╔══

(* Let $g\in H(\mathbb{D})$ be such that $\log(g)\in\mathcal{B}$, let $\nu$ be an analytic weight and let $\mu$ be an arbitrary weight. Then $S_g: \mathcal{B}^{\infty}_\nu\rightarrow H^{\infty}_\mu$ is bounded if and only if $$\sup_{0\leq t<1}\ \sup_{0\leq\theta<2\pi}\mu(t)\int_0^t\frac{|g(re^{i\theta})|}{\nu(r)}\,dr<+\infty\,.$$
   Context: $\mathbb{D}$ is the open unit disk and $H(\mathbb{D})$ the space of analytic functions on $\mathbb{D}$. A weight is a non-negative continuous function $\nu$ on $\mathbb{D}$ with $\nu(z)=\nu(|z|)$ for all $z$, which is decreasing in $|z|$; we write $\nu(r)$ for its value at $|z|=r$. For a weight $\nu$: $H^{\infty}_\nu=\{f\in H(\mathbb{D}): \sup_{z}\nu(z)|f(z)|<\infty\}$, $\mathcal{B}^{\infty}_\nu=\{f\in H(\mathbb{D}): |f(0)|+\sup_{z}\nu(z)|f'(z)|<\infty\}$. The Bloch space is $\mathcal{B}=\{f\in H(\mathbb{D}): |f(0)|+\sup_{z}(1-|z|^2)|f'(z)|<\infty\}$; "$\log(g)\in\mathcal{B}$" means $g$ has no zeros in $\mathbb{D}$ and an analytic branch of $\log g$ belongs to $\mathcal{B}$. A weight $\nu$ is analytic if $\nu(z)=1/F(|z|)$ for some $F\in H(\mathbb{D})$ with $|F(z)|\leq F(|z|)$ for all $z$. For $g\in H(\mathbb{D})$, $(S_gf)(z)=\int_0^z f'(\omega)g(\omega)\,d\omega$. *)

theory Defs
  imports "HOL-Complex_Analysis.Complex_Analysis"
begin

abbreviation unit_disc :: "complex set" where
  "unit_disc \<equiv> ball 0 1"

definition is_weight :: "(complex \<Rightarrow> real) \<Rightarrow> bool" where
  "is_weight \<nu> \<longleftrightarrow>
     continuous_on unit_disc \<nu> \<and>
     (\<forall>z\<in>unit_disc. 0 \<le> \<nu> z) \<and>
     (\<forall>z\<in>unit_disc. \<nu> z = \<nu> (complex_of_real (norm z))) \<and>
     (\<forall>z\<in>unit_disc. \<forall>w\<in>unit_disc. norm z \<le> norm w \<longrightarrow> \<nu> w \<le> \<nu> z)"

text \<open>Analytic weight: nu(z) = 1 / F(|z|) with F analytic on the disc and |F(z)| <= F(|z|).\<close>
definition analytic_weight :: "(complex \<Rightarrow> real) \<Rightarrow> bool" where
  "analytic_weight \<nu> \<longleftrightarrow> is_weight \<nu> \<and>
     (\<exists>F. F holomorphic_on unit_disc \<and>
        (\<forall>z\<in>unit_disc. complex_of_real (\<nu> z) * F (complex_of_real (norm z)) = 1) \<and>
        (\<forall>z\<in>unit_disc. norm (F z) \<le> Re (F (complex_of_real (norm z)))))"

definition H_inf_w :: "(complex \<Rightarrow> real) \<Rightarrow> (complex \<Rightarrow> complex) set" where
  "H_inf_w \<mu> = {f. f holomorphic_on unit_disc \<and>
     (\<exists>C. \<forall>z\<in>unit_disc. \<mu> z * norm (f z) \<le> C)}"

definition B_inf_w :: "(complex \<Rightarrow> real) \<Rightarrow> (complex \<Rightarrow> complex) set" where
  "B_inf_w \<nu> = {f. f holomorphic_on unit_disc \<and>
     (\<exists>C. \<forall>z\<in>unit_disc. \<nu> z * norm (deriv f z) \<le> C)}"

definition B_inf_norm :: "(complex \<Rightarrow> real) \<Rightarrow> (complex \<Rightarrow> complex) \<Rightarrow> real" where
  "B_inf_norm \<nu> f = norm (f 0) + (SUP z\<in>unit_disc. \<nu> z * norm (deriv f z))"

definition bloch :: "(complex \<Rightarrow> complex) set" where
  "bloch = {f. f holomorphic_on unit_disc \<and>
     (\<exists>C. \<forall>z\<in>unit_disc. (1 - (norm z)^2) * norm (deriv f z) \<le> C)}"

definition log_in_bloch :: "(complex \<Rightarrow> complex) \<Rightarrow> bool" where
  "log_in_bloch g \<longleftrightarrow> (\<exists>h\<in>bloch. \<forall>z\<in>unit_disc. exp (h z) = g z)"

definition S_op :: "(complex \<Rightarrow> complex) \<Rightarrow> (complex \<Rightarrow> complex) \<Rightarrow> complex \<Rightarrow> complex" where
  "S_op g f z = contour_integral (linepath 0 z) (\<lambda>w. deriv f w * g w)"

definition S_bounded :: "(complex \<Rightarrow> complex) \<Rightarrow> (complex \<Rightarrow> real) \<Rightarrow> (complex \<Rightarrow> real) \<Rightarrow> bool" where
  "S_bounded g \<nu> \<mu> \<longleftrightarrow> (\<exists>C. \<forall>f\<in>B_inf_w \<nu>. S_op g f \<in> H_inf_w \<mu> \<and>
      (\<forall>z\<in>unit_disc. \<mu> z * norm (S_op g f z) \<le> C * B_inf_norm \<nu> f))"

end

theory Submission
  imports Defs
begin
lemma adjoin_subset_adjoin_below_reduce:
  assumes A: "subring_of A" and P: "ideal_in P A" and units: "\<And>p. p \<in> P \<Longrightarrow> \<exists>v\<in>A. v * (1 - p) = 1"
    and T: "adjoin A x \<subseteq> adjoin_below A x (Suc k)" and k: "0 < k"
    and cover: "adjoin A x \<subseteq> set_plus A (ext_ideal P (adjoin A x))"
  shows "adjoin A x \<subseteq> adjoin_below A x k"
proof -
  note Ar = subringD[OF A] and Pr = ideal_inD[OF P]
  have MA: "module_over (adjoin_below A x k) A"
    by (rule module_over_adjoin_below[OF subring_module_over[OF A order_refl]])
  have MP: "module_over (adjoin_below P x (Suc k)) A"
    by (rule module_over_adjoin_below[OF ideal_module_over[OF P]])
  have ext: "ext_ideal P (adjoin A x) \<subseteq> adjoin_below P x (Suc k)"
  proof
    fix y assume "y \<in> ext_ideal P (adjoin A x)"
    then obtain n p t where y: "y = (\<Sum>i<(n::nat). p i * t i)" "\<And>i. i < n \<Longrightarrow> p i \<in> P"
      "\<And>i. i < n \<Longrightarrow> t i \<in> adjoin A x"
      by (blast elim: ext_idealE)
    have "p i * t i \<in> adjoin_below P x (Suc k)" if "i < n" for i
      by (rule adjoin_below_mult[of _ A]) (use T y(2,3) Pr(4) that in \<open>auto simp: mult.commute\<close>)
    then show "y \<in> adjoin_below P x (Suc k)" unfolding y(1) by (rule module_over_sum[OF MP])
  qed
  obtain a q where aq: "x ^ k = a + q" "a \<in> A" "q \<in> adjoin_below P x (Suc k)"
    using cover power_in_adjoin[OF A] ext unfolding set_plus_def by blast
  \<comment> \<open>Splitting off the top coefficient p of q, (1 - p) x^k = a + q' involves only lower powers,
    and 1 - p is a unit.\<close>
  obtain q' p where q': "q = q' + p * x ^ k" "q' \<in> adjoin_below P x k" "p \<in> P"
    using aq(3) by (erule adjoin_below_Suc)
  obtain v where v: "v \<in> A" "v * (1 - p) = 1" using units[OF q'(3)] by blast
  have "a + q' \<in> adjoin_below A x k"
  proof (rule module_overD(2)[OF MA])
    show "a \<in> adjoin_below A x k" using monomial_in_adjoin_below[OF Ar(1) aq(2) k, of x] by simp
    show "q' \<in> adjoin_below A x k" using adjoin_below_mono[OF Pr(1) order_refl Ar(1)] q'(2) by blast
  qed
  moreover have "x ^ k = v * (a + q')"
  proof -
    have "(1 - p) * x ^ k = a + q'" using aq(1) q'(1) by (simp add: algebra_simps)
    then show ?thesis using v(2) by (metis mult.assoc mult_1)
  qed
  ultimately have xk: "x ^ k \<in> adjoin_below A x k" using module_overD(3)[OF MA v(1)] by simp
  have "adjoin_below A x (Suc k) \<subseteq> adjoin_below A x k"
  proof (rule adjoin_below_subset[OF MA])
    fix i assume "i < Suc k"
    then show "x ^ i \<in> adjoin_below A x k"
      using xk monomial_in_adjoin_below[OF Ar(1,2), of i k x] by (cases "i = k") auto
  qed
  then show ?thesis using T by blast
qed
text \<open>
  A decomposition is a multiset of indices. The exchanges below may produce the index 0, a part of
  value q_0 = 0 which only makes the count of summands larger, so the bounds remain valid.
\<close>

abbreviation quilt_msum :: "nat multiset \<Rightarrow> nat" where
  "quilt_msum D \<equiv> \<Sum>i\<in>#D. quilt i"

lemma ex_nonzero_part: "quilt_msum D \<noteq> 0 \<Longrightarrow> \<exists>i\<in>#D. i \<noteq> 0"
  by (induction D) auto

lemma mset_exchange_pair:
  assumes "j \<in># G" and "1 \<le> j" and "j \<le> k" and "k \<le> j + 4" and "\<not> (k = 5 \<and> j = 1)"
  shows "\<exists>D. quilt_msum D = quilt k + quilt_msum G \<and> size D \<le> Suc (size G) \<and> (\<exists>i\<in>#D. k < i)"
proof -
  obtain a b where ab: "k < a" "quilt k + quilt j = quilt a + quilt b"
    using quilt_pair_exchange assms(2-5) by blast
  obtain H where H: "G = add_mset j H" using assms(1) by (metis multi_member_split)
  show ?thesis
    using ab H by (intro exI[of _ "add_mset a (add_mset b H)"]) auto
qed
(* Let $q>0$. If $L(q)$ contains a loop of odd length, then the weight $w_{q/n}$ is not unique for any integer $n\ge2$.
   Context: For $q>0$, $k\ge0$ and $\mathbf m=(m_0,\dots,m_k)\in\mathbb Z^{k+1}$ put $\mathbf m_j=(m_0,\dots,m_j)$; define $c(q,\mathbf m_0)=m_0$ and $c(q,\mathbf m_j)=m_j+\frac{1}{q\,c(q,\mathbf m_{j-1})}$ for $1\le j\le k$. $\mathbf m$ is a path for $q$ of length $k$ if $c(q,\mathbf m_j)\ne0$ for $0\le j\le k-1$. The weight of a path is $w_q(\mathbf m)=q^{k/2}\prod_{j=0}^{k-1}|c(q,\mathbf m_j)|$ (and $1$ if $k=0$). A loop is a path with $c(q,\mathbf m)=0$; $L(q)$ is the set of loops for $q$. The weight $w_q$ is unique if $w_q(\mathbf m)=w_q(\mathbf n)$ for all paths $\mathbf m,\mathbf n$ for $q$ with $c(q,\mathbf m)=c(q,\mathbf n)$. *)

theory Defs
  imports Complex_Main
begin

text \<open>A tuple m = (m_0,...,m_k) is represented as an integer list of length k+1
  (so nonempty); its length as a path is k = length m - 1.
  cf q m j is c(q, m_j), the value for the prefix (m_0,...,m_j).\<close>

fun cf :: "real \<Rightarrow> int list \<Rightarrow> nat \<Rightarrow> real" where
  "cf q m 0 = of_int (m ! 0)"
| "cf q m (Suc j) = of_int (m ! Suc j) + 1 / (q * cf q m j)"

definition plen :: "int list \<Rightarrow> nat" where
  "plen m = length m - 1"

definition cval :: "real \<Rightarrow> int list \<Rightarrow> real" where
  "cval q m = cf q m (plen m)"

definition is_path :: "real \<Rightarrow> int list \<Rightarrow> bool" where
  "is_path q m \<longleftrightarrow> m \<noteq> [] \<and> (\<forall>j < plen m. cf q m j \<noteq> 0)"

definition weight :: "real \<Rightarrow> int list \<Rightarrow> real" where
  "weight q m = sqrt q ^ plen m * (\<Prod>j<plen m. \<bar>cf q m j\<bar>)"

definition loops :: "real \<Rightarrow> int list set" where
  "loops q = {m. is_path q m \<and> cval q m = 0}"

definition weight_unique :: "real \<Rightarrow> bool" where
  "weight_unique q \<longleftrightarrow>
     (\<forall>m n. is_path q m \<longrightarrow> is_path q n \<longrightarrow> cval q m = cval q n \<longrightarrow> weight q m = weight q n)"

end

theory Submission
  imports Defs
begin

text \<open>Multiplying the entries of a loop for \<open>q\<close> at every other position by \<open>n\<close> gives a loop
  for \<open>q/n\<close>: the continued-fraction values get multiplied by \<open>n\<close> at exactly those positions.
  Scaling the even positions and scaling the odd positions yields two loops for \<open>q/n\<close>; for a
  loop of odd length \<open>k = 2t+1\<close> there are \<open>t+1\<close> even and \<open>t\<close> odd positions below \<open>k\<close>, so the
  two weights differ by the factor \<open>n\<close>.\<close>

definition scale_parity :: "bool \<Rightarrow> int \<Rightarrow> int list \<Rightarrow> int list" where
  "scale_parity p n m = map (\<lambda>i. if even i = p then n * m ! i else m ! i) [0..<length m]"

lemma length_scale_parity [simp]: "length (scale_parity p n m) = length m"
  by (simp add: scale_parity_def)

lemma plen_scale_parity [simp]: "plen (scale_parity p n m) = plen m"
  by (simp add: plen_def)

lemma nth_scale_parity:
  "i < length m \<Longrightarrow> scale_parity p n m ! i = (if even i = p then n * m ! i else m ! i)"
  by (simp add: scale_parity_def)

lemma cf_scale_parity:
  assumes "n \<noteq> 0" and "j < length m"
  shows "cf (q / of_int n) (scale_parity p n m) j = (if even j = p then of_int n else 1) * cf q m j"
  using assms(2)
proof (induction j)
  case 0
  then show ?case by (simp add: nth_scale_parity)
next
  case (Suc j)
  then show ?case
    using assms(1) by (simp add: nth_scale_parity field_simps)
qed

lemma is_path_scale_parity:
  assumes "n \<noteq> 0" and "is_path q m"
  shows "is_path (q / of_int n) (scale_parity p n m)"
proof -
  have "plen m < length m"
    using assms(2) by (simp add: is_path_def plen_def)
  then show ?thesis
    using assms by (auto simp: is_path_def cf_scale_parity simp flip: length_0_conv)
qed

lemma loops_scale_parity:
  assumes "n \<noteq> 0" and "m \<in> loops q"
  shows "scale_parity p n m \<in> loops (q / of_int n)"
proof -
  have "is_path q m" and "cval q m = 0"
    using assms(2) by (auto simp: loops_def)
  moreover from \<open>is_path q m\<close> have "plen m < length m"
    by (simp add: is_path_def plen_def)
  ultimately show ?thesis
    using assms(1) by (simp add: loops_def is_path_scale_parity cval_def cf_scale_parity)
qed

lemma weight_pos:
  assumes "q > 0" and "is_path q m"
  shows "weight q m > 0"
  using assms by (auto simp: weight_def is_path_def intro!: mult_pos_pos prod_pos)

lemma prod_parity_odd_length:
  "(\<Prod>j<Suc (2 * t). if even j = p then a else 1) = a ^ (if p then Suc t else t)"
  by (induction t) (auto simp: mult_ac)

lemma weight_scale_parity_odd_length:
  assumes "n \<noteq> 0" and "m \<noteq> []" and "odd (plen m)"
  shows "weight (q / of_int n) (scale_parity True n m)
           = \<bar>of_int n\<bar> * weight (q / of_int n) (scale_parity False n m)"
proof -
  obtain t where t: "plen m = Suc (2 * t)"
    using assms(3) by (metis oddE Suc_eq_plus1)
  have "plen m < length m"
    using assms(2) by (simp add: plen_def)
  have prod_eq: "(\<Prod>j<plen m. \<bar>cf (q / of_int n) (scale_parity p n m) j\<bar>)
      = \<bar>of_int n\<bar> ^ (if p then Suc t else t) * (\<Prod>j<plen m. \<bar>cf q m j\<bar>)" for p
  proof -
    have "(\<Prod>j<plen m. \<bar>cf (q / of_int n) (scale_parity p n m) j\<bar>)
        = (\<Prod>j<plen m. (if even j = p then \<bar>of_int n\<bar> else 1) * \<bar>cf q m j\<bar>)"
      using \<open>plen m < length m\<close> assms(1) by (intro prod.cong) (auto simp: cf_scale_parity abs_mult)
    also have "\<dots> = (\<Prod>j<plen m. if even j = p then \<bar>of_int n\<bar> else 1) * (\<Prod>j<plen m. \<bar>cf q m j\<bar>)"
      by (rule prod.distrib)
    finally show ?thesis
      unfolding t prod_parity_odd_length .
  qed
  show ?thesis
    by (simp add: weight_def prod_eq mult_ac)
qed

theorem corollary3:
  fixes q :: real
  assumes "q > 0"
    and "\<exists>m \<in> loops q. odd (plen m)"
  shows "\<forall>n::int. n \<ge> 2 \<longrightarrow> \<not> weight_unique (q / of_int n)"
proof (intro allI impI)
  fix n :: int
  assume "n \<ge> 2"
  then have "n \<noteq> 0" and q_div_pos: "q / of_int n > 0"
    using assms(1) by auto
  obtain m where "m \<in> loops q" and "odd (plen m)"
    using assms(2) by blast
  then have "m \<noteq> []"
    by (simp add: loops_def is_path_def)
  have loop_even: "scale_parity True n m \<in> loops (q / of_int n)"
    and loop_odd: "scale_parity False n m \<in> loops (q / of_int n)"
    using \<open>n \<noteq> 0\<close> \<open>m \<in> loops q\<close> by (simp_all add: loops_scale_parity)
  have "weight (q / of_int n) (scale_parity False n m) > 0"
    using loop_odd q_div_pos by (simp add: loops_def weight_pos)
  moreover have "\<bar>real_of_int n\<bar> \<noteq> 1"
    using \<open>n \<ge> 2\<close> by simp
  ultimately have "weight (q / of_int n) (scale_parity True n m)
                     \<noteq> weight (q / of_int n) (scale_parity False n m)"
    unfolding weight_scale_parity_odd_length[OF \<open>n \<noteq> 0\<close> \<open>m \<noteq> []\<close> \<open>odd (plen m)\<close>]
    by simp
  moreover have "weight_unique (q / of_int n) \<Longrightarrow>
      weight (q / of_int n) (scale_parity True n m) = weight (q / of_int n) (scale_parity False n m)"
    using loop_even loop_odd by (simp add: weight_unique_def loops_def)
  ultimately show "\<not> weight_unique (q / of_int n)"
    by blast
qed

end
lemma left_ideal_Union_chain:
  assumes "\<C> \<noteq> {}" "chain\<^sub>\<subseteq> \<C>" "\<And>I. I \<in> \<C> \<Longrightarrow> left_ideal I"
  shows "left_ideal (\<Union>\<C>)"
  unfolding left_ideal_def
proof (intro conjI ballI allI impI)
  show "0 \<in> \<Union>\<C>" using assms(1,3) unfolding left_ideal_def by blast
next
  fix u v assume "u \<in> \<Union>\<C>" "v \<in> \<Union>\<C>"
  then obtain I J where "I \<in> \<C>" "J \<in> \<C>" "u \<in> I" "v \<in> J" by blast
  with assms(2) obtain K where "K \<in> \<C>" "u \<in> K" "v \<in> K"
    unfolding chain_subset_def by blast
  then show "u + v \<in> \<Union>\<C>" using assms(3) unfolding left_ideal_def by blast
next
  fix u assume "u \<in> \<Union>\<C>"
  then show "- u \<in> \<Union>\<C>" using assms(3) unfolding left_ideal_def by blast
next
  fix q u assume "u \<in> \<Union>\<C>"
  then show "q * u \<in> \<Union>\<C>" using assms(3) unfolding left_ideal_def by blast
qed

lemma left_ideal_maximal_extension:
  assumes "left_ideal I" "(1::'a::ring_1) \<notin> I"
  obtains M where "maximal_left_ideal M" "I \<subseteq> M"
proof -
  define \<A> where "\<A> = {J. left_ideal J \<and> I \<subseteq> J \<and> (1::'a) \<notin> J}"
  have "\<exists>M\<in>\<A>. \<forall>J\<in>\<A>. M \<subseteq> J \<longrightarrow> J = M"
  proof (rule subset_Zorn_nonempty)
    show "\<A> \<noteq> {}" using assms by (auto simp: \<A>_def)
  next
    fix \<C> assume ne: "\<C> \<noteq> {}" and ch: "subset.chain \<A> \<C>"
    then have "\<C> \<subseteq> \<A>" "chain\<^sub>\<subseteq> \<C>" by (auto simp: subset_chain_def chain_subset_def)
    then have "left_ideal (\<Union>\<C>)" using ne left_ideal_Union_chain[of \<C>] by (auto simp: \<A>_def)
    moreover have "I \<subseteq> \<Union>\<C>" using ne \<open>\<C> \<subseteq> \<A>\<close> by (auto simp: \<A>_def)
    moreover have "1 \<notin> \<Union>\<C>" using \<open>\<C> \<subseteq> \<A>\<close> by (auto simp: \<A>_def)
    ultimately show "\<Union>\<C> \<in> \<A>" by (simp add: \<A>_def)
  qed
  then obtain M where M: "M \<in> \<A>" and max: "\<And>J. J \<in> \<A> \<Longrightarrow> M \<subseteq> J \<Longrightarrow> J = M" by blast
  have "maximal_left_ideal M"
    unfolding maximal_left_ideal_def
  proof (intro conjI allI impI)
    show "left_ideal M" "M \<noteq> UNIV" using M by (auto simp: \<A>_def)
  next
    fix J assume J: "left_ideal J \<and> M \<subseteq> J"
    show "J = M \<or> J = UNIV"
    proof (cases "1 \<in> J")
      case False
      then have "J \<in> \<A>" using J M by (auto simp: \<A>_def)
      then show ?thesis using J max by blast
    qed (use J left_ideal_eq_UNIV_iff in blast)
  qed
  then show thesis using M that by (auto simp: \<A>_def)
qed

lemma mem_jrad_iff: "x \<in> jrad \<longleftrightarrow> (\<forall>r. \<exists>t. t * (1 - r * x) = (1::'a::ring_1))"
proof
  assume x: "x \<in> jrad"
  show "\<forall>r. \<exists>t. t * (1 - r * x) = 1"
  proof (rule allI, rule ccontr)
    fix r assume "\<nexists>t. t * (1 - r * x) = 1"
    then have "1 \<notin> range (\<lambda>t. t * (1 - r * x))" by (auto simp: image_iff)
    then obtain M where M: "maximal_left_ideal M" and sub: "range (\<lambda>t. t * (1 - r * x)) \<subseteq> M"
      using left_ideal_maximal_extension[OF left_ideal_principal] by blast
    have LM: "left_ideal M" using M unfolding maximal_left_ideal_def by simp
    have "1 - r * x \<in> M" using sub rangeI[of _ 1] by (metis mult_1_left subsetD)
    moreover have "r * x \<in> M" using x M LM unfolding jrad_def left_ideal_def by blast
    ultimately have "(1 - r * x) + r * x \<in> M" using LM unfolding left_ideal_def by blast
    then show False using M LM left_ideal_eq_UNIV_iff unfolding maximal_left_ideal_def by auto
  qed
next
  assume inv: "\<forall>r. \<exists>t. t * (1 - r * x) = 1"
  show "x \<in> jrad"
    unfolding jrad_def
  proof (rule InterI, rule ccontr)
    fix M assume "M \<in> {I. maximal_left_ideal I}" and "x \<notin> M"
    then have LM: "left_ideal M" and "M \<noteq> UNIV"
      and max: "\<And>J. left_ideal J \<Longrightarrow> M \<subseteq> J \<Longrightarrow> J = M \<or> J = UNIV"
      unfolding maximal_left_ideal_def by auto
    define K where "K = {m + r * x |m r. m \<in> M}"
    have LK: "left_ideal K" using left_ideal_add_principal[OF LM] by (simp add: K_def)
    have K: "m + r * x \<in> K" if "m \<in> M" for m r using that unfolding K_def by blast
    have "M \<subseteq> K" using K[of _ 0] by auto
    moreover have "x \<in> K" using K[of 0 1] LM unfolding left_ideal_def by simp
    ultimately have "K = UNIV" using max[OF LK] \<open>x \<notin> M\<close> by blast
    then obtain m r where m: "m \<in> M" and one: "1 = m + r * x" unfolding K_def by blast
    obtain t where "t * (1 - r * x) = 1" using inv by blast
    then have "t * m = 1" using one by (metis add_diff_cancel_right')
    then have "1 \<in> M" using m LM unfolding left_ideal_def by metis
    then show False using LM \<open>M \<noteq> UNIV\<close> left_ideal_eq_UNIV_iff by blast
  qed
qed
lemma hanging_theta_path_passes:
  assumes G: "simple_graph V E" and L: "x_contact_layout V E x0 x1" and T: "hanging_theta E s t a b p"
    and sa: "passes_right E x0 x1 s a" and tb: "passes_right E x0 x1 t b \<or> passes_left E x0 x1 t b"
  obtains j where "j < 3" "passes_right E x0 x1 a (p j 0)" "passes_left E x0 x1 b (p j 3)" "x0 b = x1 a"
proof -
  note sym = simple_graph_sym[OF G] and theta = hanging_thetaD[OF T]
    and glued = hanging_theta_ends_glued[OF assms]
  have triples_right: "glued_triples_pass E x0 x1"
    and triples_left: "glued_triples_pass E (\<lambda>v. - x1 v) (\<lambda>v. - x0 v)"
    using L unfolding x_contact_layout_def by blast+
  \<comment> \<open>the middle one of \<open>b\<close>, \<open>p j 0\<close>, \<open>p k 0\<close> on the right side of \<open>a\<close> passes; it is not \<open>b\<close>\<close>
  have two_right: "passes_right E x0 x1 a (p j 0) \<or> passes_right E x0 x1 a (p k 0)"
    if "j < 3" "k < 3" "j \<noteq> k" for j k
  proof -
    have "distinct [b, p j 0, p k 0]" using theta(6)[of _ 0] theta(5)[of j k 0] that by auto
    then show ?thesis
      using glued_triples_passD[OF triples_right theta(4) theta(7)[OF that(1)] theta(7)[OF that(2)]]
        glued(1,2,4) that by blast
  qed
  have two_left: "passes_left E x0 x1 b (p j 3) \<or> passes_left E x0 x1 b (p k 3)"
    if "j < 3" "k < 3" "j \<noteq> k" for j k
  proof -
    have "E b (p j 3)" "E b (p k 3)" using theta(11) that sym by blast+
    moreover have "distinct [a, p j 3, p k 3]" using theta(6)[of _ 3] theta(5)[of j k 3] that by auto
    moreover have "- x1 a = - x0 b" "- x1 (p j 3) = - x0 b" "- x1 (p k 3) = - x0 b"
      using glued(1,3) that by auto
    ultimately show ?thesis
      using glued_triples_passD[OF triples_left sym[OF theta(4)]] glued(5) by blast
  qed
  have "(passes_right E x0 x1 a (p 0 0) \<and> passes_left E x0 x1 b (p 0 3)) \<or>
      (passes_right E x0 x1 a (p 1 0) \<and> passes_left E x0 x1 b (p 1 3)) \<or>
      (passes_right E x0 x1 a (p 2 0) \<and> passes_left E x0 x1 b (p 2 3))"
    using two_right[of 0 1] two_right[of 0 2] two_right[of 1 2]
      two_left[of 0 1] two_left[of 0 2] two_left[of 1 2] by auto
  then show thesis using that[of 0] that[of 1] that[of 2] glued(1) by auto
qed

lemma hanging_theta_right_pass_impossible:
  assumes G: "simple_graph V E" and L: "x_contact_layout V E x0 x1" and T: "hanging_theta E s t a b p"
    and "passes_right E x0 x1 s a" and "passes_right E x0 x1 t b \<or> passes_left E x0 x1 t b"
  shows False
proof -
  obtain j where "j < 3" and right: "passes_right E x0 x1 a (p j 0)"
    and left: "passes_left E x0 x1 b (p j 3)" and ab: "x0 b = x1 a"
    using hanging_theta_path_passes[OF assms] .
  note theta = hanging_thetaD[OF T] and pos = x_contact_layout_nbr_pos[OF G L]
  have path: "E a (p j 0)" "E (p j 0) (p j 1)" "E (p j 1) (p j 2)" "E (p j 2) (p j 3)"
    using theta(7-10) \<open>j < 3\<close> by blast+
  have "p j 1 \<noteq> a" "p j 2 \<noteq> b" using theta(6)[OF \<open>j < 3\<close>, of 1] theta(6)[OF \<open>j < 3\<close>, of 2] by auto
  \<comment> \<open>The path starts and ends on the vertical line through the right side of \<open>a\<close>: it leaves
    to the right and arrives from the left, and both its first and last edge go to the right.
    So \<open>p j 1\<close> lies right of that line and \<open>p j 2\<close> left of it, and they cannot touch.\<close>
  have "x0 (p j 1) = x1 (p j 0)"
    using right path(2) \<open>p j 1 \<noteq> a\<close> unfolding passes_right_def by blast
  moreover have "x1 (p j 2) = x0 (p j 3)"
    using left simple_graph_sym[OF G path(4)] \<open>p j 2 \<noteq> b\<close> unfolding passes_left_iff by blast
  moreover have "x0 (p j 0) = x1 a" using right unfolding passes_right_def by blast
  moreover have "x1 (p j 3) = x0 b" using left unfolding passes_left_iff by blast
  moreover have "x0 (p j 2) = x1 (p j 1) \<or> x1 (p j 2) = x0 (p j 1)"
    using x_contact_layout_touch[OF L path(3)] .
  ultimately show False
    using ab pos[OF path(1)] pos[OF path(2)] pos[OF path(3)] pos[OF path(4)] by linarith
qed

╚══

● **HOW TO COMPLETE THIS TASK**: Bring together each line above where the string "impI" turns up.

● **ANSWER BOX**:
proof (intro allI impI)
proof (intro conjI ballI allI impI)
  proof (intro conjI allI impI)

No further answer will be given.